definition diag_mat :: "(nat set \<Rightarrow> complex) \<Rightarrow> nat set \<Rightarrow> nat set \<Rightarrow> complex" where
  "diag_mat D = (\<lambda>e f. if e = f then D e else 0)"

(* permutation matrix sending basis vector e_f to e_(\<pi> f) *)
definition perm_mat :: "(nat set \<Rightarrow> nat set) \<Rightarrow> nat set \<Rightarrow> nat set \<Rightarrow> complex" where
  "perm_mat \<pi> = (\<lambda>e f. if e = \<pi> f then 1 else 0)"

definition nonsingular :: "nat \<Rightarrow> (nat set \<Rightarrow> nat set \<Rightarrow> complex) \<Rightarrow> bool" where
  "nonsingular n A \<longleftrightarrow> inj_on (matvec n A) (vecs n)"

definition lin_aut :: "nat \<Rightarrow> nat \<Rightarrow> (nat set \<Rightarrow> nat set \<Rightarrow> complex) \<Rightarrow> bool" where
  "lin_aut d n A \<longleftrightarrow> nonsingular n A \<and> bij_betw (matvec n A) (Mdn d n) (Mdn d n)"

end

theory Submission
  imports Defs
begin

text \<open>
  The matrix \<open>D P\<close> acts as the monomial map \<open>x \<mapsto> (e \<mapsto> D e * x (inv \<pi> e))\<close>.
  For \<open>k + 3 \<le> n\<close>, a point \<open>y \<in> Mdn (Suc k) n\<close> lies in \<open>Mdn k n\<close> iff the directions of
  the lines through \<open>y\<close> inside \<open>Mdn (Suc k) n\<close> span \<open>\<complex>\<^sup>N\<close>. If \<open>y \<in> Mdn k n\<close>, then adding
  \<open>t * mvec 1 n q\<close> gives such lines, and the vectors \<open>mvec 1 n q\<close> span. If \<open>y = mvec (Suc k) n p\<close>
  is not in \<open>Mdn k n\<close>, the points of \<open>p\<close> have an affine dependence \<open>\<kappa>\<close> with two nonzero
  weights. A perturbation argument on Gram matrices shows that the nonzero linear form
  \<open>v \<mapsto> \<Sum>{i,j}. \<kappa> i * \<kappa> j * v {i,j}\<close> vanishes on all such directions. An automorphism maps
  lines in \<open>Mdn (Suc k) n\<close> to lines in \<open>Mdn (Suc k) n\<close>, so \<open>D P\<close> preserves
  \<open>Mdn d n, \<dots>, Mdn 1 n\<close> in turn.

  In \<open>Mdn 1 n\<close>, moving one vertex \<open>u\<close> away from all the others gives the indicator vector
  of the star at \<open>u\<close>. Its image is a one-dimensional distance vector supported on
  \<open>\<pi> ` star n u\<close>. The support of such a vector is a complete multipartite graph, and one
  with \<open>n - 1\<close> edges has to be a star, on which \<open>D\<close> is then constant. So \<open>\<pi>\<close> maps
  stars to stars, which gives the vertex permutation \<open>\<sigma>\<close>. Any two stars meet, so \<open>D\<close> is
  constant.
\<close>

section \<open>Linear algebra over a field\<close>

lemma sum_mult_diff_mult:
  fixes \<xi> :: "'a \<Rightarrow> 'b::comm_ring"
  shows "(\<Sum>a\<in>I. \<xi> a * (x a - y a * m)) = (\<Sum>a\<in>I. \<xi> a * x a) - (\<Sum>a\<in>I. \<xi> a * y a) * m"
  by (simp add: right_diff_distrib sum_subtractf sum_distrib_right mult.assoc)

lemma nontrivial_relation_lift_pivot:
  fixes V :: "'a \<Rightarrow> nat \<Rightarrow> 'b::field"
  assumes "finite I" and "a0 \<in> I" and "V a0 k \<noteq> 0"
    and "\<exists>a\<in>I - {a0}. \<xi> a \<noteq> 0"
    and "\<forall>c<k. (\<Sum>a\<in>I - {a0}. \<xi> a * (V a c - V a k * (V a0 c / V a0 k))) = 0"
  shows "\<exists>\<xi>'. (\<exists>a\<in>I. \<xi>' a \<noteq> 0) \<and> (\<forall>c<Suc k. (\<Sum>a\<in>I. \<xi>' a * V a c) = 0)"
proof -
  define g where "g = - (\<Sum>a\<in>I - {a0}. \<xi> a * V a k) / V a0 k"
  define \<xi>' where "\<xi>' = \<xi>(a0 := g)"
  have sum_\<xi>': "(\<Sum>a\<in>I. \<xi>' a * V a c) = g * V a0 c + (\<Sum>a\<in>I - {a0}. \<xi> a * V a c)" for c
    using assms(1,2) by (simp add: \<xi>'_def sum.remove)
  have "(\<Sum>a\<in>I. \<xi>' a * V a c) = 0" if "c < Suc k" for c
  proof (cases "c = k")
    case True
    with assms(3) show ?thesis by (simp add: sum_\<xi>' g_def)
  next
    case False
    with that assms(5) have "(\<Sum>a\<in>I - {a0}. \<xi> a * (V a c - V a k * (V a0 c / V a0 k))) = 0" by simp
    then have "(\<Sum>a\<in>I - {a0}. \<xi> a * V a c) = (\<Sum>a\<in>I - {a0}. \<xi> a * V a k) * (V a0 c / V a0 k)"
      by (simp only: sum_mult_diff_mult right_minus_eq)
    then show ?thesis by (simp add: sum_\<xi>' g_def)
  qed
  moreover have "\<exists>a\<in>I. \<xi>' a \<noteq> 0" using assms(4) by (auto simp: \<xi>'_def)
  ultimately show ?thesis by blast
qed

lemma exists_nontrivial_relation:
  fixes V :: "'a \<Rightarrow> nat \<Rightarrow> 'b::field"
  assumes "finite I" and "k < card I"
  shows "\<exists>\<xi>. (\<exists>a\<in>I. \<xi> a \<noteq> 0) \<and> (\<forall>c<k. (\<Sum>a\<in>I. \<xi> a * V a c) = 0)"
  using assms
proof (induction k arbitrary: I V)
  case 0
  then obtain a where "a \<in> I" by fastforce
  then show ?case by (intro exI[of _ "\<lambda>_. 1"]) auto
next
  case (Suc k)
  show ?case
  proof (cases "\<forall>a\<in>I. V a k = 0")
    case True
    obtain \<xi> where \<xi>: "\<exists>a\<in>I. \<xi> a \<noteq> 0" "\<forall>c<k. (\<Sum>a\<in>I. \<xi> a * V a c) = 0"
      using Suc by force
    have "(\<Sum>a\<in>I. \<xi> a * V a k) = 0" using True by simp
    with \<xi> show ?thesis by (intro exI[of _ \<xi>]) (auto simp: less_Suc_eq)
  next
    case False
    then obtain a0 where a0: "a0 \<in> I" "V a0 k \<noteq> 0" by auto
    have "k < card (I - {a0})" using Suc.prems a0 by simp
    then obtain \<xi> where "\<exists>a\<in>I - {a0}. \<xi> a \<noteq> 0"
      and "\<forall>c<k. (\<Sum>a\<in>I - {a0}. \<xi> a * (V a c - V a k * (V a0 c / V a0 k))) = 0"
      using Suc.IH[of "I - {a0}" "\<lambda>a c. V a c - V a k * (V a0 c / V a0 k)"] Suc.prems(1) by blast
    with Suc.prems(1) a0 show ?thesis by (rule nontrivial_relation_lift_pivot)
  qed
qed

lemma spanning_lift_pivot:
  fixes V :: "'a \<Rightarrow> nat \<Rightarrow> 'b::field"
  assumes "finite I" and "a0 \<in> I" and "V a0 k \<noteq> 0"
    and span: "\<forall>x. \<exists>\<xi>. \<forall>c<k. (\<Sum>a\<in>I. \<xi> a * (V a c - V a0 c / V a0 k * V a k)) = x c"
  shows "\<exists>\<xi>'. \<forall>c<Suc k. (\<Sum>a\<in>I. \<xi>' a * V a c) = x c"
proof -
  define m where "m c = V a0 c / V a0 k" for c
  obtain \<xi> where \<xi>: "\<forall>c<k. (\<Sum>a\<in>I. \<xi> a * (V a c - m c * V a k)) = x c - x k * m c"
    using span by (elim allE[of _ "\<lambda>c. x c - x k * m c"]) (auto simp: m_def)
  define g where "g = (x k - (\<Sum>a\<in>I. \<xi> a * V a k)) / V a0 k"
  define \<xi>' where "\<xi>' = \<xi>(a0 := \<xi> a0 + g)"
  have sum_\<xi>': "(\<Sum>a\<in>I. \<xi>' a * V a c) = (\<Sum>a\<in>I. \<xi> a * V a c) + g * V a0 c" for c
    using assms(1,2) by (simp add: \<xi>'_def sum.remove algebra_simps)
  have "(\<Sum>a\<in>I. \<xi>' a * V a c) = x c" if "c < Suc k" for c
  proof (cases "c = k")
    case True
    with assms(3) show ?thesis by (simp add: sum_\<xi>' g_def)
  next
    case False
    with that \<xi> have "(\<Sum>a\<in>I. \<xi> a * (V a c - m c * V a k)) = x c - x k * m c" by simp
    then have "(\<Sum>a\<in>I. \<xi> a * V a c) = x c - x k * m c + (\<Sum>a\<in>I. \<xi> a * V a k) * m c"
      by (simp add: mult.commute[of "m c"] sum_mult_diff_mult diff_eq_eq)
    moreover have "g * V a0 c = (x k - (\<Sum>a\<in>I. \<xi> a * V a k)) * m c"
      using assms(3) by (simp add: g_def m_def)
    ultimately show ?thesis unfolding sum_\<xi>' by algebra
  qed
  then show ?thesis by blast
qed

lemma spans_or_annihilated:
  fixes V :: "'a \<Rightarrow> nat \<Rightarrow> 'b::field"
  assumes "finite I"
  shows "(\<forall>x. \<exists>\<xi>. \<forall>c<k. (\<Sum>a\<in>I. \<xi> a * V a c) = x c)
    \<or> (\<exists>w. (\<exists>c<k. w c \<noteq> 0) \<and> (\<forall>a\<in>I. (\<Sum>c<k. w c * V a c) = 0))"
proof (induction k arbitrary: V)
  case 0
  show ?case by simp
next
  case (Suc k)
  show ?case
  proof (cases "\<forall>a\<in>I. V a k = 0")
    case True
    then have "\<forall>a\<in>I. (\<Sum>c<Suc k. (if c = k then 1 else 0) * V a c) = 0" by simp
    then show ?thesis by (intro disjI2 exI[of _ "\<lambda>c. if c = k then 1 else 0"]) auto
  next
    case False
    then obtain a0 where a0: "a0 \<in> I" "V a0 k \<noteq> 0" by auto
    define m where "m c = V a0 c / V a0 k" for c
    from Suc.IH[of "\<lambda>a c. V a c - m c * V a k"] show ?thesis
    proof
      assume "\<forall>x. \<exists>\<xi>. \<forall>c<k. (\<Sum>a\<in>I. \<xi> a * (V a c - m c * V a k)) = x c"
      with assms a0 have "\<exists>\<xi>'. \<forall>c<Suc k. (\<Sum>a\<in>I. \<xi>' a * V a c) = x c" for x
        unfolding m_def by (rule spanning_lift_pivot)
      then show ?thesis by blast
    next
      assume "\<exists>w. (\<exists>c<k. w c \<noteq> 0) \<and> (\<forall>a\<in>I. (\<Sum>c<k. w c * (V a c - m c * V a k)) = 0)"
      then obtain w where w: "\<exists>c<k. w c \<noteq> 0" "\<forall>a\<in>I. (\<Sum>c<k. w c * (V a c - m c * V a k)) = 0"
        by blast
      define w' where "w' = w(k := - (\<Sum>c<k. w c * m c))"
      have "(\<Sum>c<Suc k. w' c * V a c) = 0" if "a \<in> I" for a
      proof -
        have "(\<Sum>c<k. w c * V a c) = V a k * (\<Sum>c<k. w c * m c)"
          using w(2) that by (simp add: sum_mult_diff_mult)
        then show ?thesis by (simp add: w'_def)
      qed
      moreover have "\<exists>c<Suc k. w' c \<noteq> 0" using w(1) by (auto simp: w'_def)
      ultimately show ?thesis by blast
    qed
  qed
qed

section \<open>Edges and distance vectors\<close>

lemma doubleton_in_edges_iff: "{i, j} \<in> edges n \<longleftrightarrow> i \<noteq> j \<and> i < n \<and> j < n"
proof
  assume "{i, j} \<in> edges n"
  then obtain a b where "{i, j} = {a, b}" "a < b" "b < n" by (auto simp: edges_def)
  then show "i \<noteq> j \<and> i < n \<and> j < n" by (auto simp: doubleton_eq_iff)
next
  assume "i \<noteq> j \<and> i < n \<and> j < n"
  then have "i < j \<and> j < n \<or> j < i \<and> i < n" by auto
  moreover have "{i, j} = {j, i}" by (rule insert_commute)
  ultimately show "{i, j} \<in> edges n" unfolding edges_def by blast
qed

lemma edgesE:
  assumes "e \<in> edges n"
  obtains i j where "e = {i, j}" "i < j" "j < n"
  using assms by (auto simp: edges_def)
* * *
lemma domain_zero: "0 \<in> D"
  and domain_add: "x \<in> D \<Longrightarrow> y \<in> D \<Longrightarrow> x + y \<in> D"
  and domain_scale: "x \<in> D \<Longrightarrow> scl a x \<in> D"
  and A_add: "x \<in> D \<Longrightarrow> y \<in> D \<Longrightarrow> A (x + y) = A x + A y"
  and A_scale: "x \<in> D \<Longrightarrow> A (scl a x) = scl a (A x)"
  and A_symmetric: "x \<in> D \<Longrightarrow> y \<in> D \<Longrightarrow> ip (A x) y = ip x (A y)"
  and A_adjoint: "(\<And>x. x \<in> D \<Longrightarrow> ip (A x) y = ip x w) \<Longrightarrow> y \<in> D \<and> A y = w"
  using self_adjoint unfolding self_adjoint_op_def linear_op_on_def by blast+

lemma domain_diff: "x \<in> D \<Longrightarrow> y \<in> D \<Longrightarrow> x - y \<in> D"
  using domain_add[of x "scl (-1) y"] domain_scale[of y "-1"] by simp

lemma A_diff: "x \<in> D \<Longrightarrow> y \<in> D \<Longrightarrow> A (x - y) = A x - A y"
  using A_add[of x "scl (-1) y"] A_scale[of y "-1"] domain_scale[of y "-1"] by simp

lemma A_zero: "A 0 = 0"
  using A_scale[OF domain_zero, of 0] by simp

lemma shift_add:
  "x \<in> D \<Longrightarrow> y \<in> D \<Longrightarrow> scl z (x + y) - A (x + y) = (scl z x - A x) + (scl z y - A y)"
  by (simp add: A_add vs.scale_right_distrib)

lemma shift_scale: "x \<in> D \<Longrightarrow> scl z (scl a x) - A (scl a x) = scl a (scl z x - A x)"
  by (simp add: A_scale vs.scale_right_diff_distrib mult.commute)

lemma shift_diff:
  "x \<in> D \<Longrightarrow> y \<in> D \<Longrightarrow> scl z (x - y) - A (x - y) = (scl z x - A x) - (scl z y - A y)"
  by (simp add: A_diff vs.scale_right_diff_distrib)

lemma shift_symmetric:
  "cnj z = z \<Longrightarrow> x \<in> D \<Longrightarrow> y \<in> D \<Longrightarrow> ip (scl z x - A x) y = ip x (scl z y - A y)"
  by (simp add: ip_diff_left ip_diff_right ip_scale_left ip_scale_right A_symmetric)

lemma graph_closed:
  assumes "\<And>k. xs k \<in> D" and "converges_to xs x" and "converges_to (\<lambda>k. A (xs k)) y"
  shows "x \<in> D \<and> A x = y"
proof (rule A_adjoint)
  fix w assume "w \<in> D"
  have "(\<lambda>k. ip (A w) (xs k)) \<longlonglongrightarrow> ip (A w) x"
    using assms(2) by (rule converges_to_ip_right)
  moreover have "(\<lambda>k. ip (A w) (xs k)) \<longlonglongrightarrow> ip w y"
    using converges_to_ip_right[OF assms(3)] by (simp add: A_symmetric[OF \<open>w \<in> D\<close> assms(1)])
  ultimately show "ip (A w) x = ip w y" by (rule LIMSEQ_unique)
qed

- Exercise description -
Lines to set down from above: the line with "y = ip x (A", the line with "k)) \<longlonglongrightarrow> ip w", and every line between, each exactly as written.

- Response box -
  and A_symmetric: "x \<in> D \<Longrightarrow> y \<in> D \<Longrightarrow> ip (A x) y = ip x (A y)"
  and A_adjoint: "(\<And>x. x \<in> D \<Longrightarrow> ip (A x) y = ip x w) \<Longrightarrow> y \<in> D \<and> A y = w"
  using self_adjoint unfolding self_adjoint_op_def linear_op_on_def by blast+

lemma domain_diff: "x \<in> D \<Longrightarrow> y \<in> D \<Longrightarrow> x - y \<in> D"
  using domain_add[of x "scl (-1) y"] domain_scale[of y "-1"] by simp

lemma A_diff: "x \<in> D \<Longrightarrow> y \<in> D \<Longrightarrow> A (x - y) = A x - A y"
  using A_add[of x "scl (-1) y"] A_scale[of y "-1"] domain_scale[of y "-1"] by simp

lemma A_zero: "A 0 = 0"
  using A_scale[OF domain_zero, of 0] by simp

lemma shift_add:
  "x \<in> D \<Longrightarrow> y \<in> D \<Longrightarrow> scl z (x + y) - A (x + y) = (scl z x - A x) + (scl z y - A y)"
  by (simp add: A_add vs.scale_right_distrib)

lemma shift_scale: "x \<in> D \<Longrightarrow> scl z (scl a x) - A (scl a x) = scl a (scl z x - A x)"
  by (simp add: A_scale vs.scale_right_diff_distrib mult.commute)

lemma shift_diff:
  "x \<in> D \<Longrightarrow> y \<in> D \<Longrightarrow> scl z (x - y) - A (x - y) = (scl z x - A x) - (scl z y - A y)"
  by (simp add: A_diff vs.scale_right_diff_distrib)

lemma shift_symmetric:
  "cnj z = z \<Longrightarrow> x \<in> D \<Longrightarrow> y \<in> D \<Longrightarrow> ip (scl z x - A x) y = ip x (scl z y - A y)"
  by (simp add: ip_diff_left ip_diff_right ip_scale_left ip_scale_right A_symmetric)

lemma graph_closed:
  assumes "\<And>k. xs k \<in> D" and "converges_to xs x" and "converges_to (\<lambda>k. A (xs k)) y"
  shows "x \<in> D \<and> A x = y"
proof (rule A_adjoint)
  fix w assume "w \<in> D"
  have "(\<lambda>k. ip (A w) (xs k)) \<longlonglongrightarrow> ip (A w) x"
    using assms(2) by (rule converges_to_ip_right)
  moreover have "(\<lambda>k. ip (A w) (xs k)) \<longlonglongrightarrow> ip w y"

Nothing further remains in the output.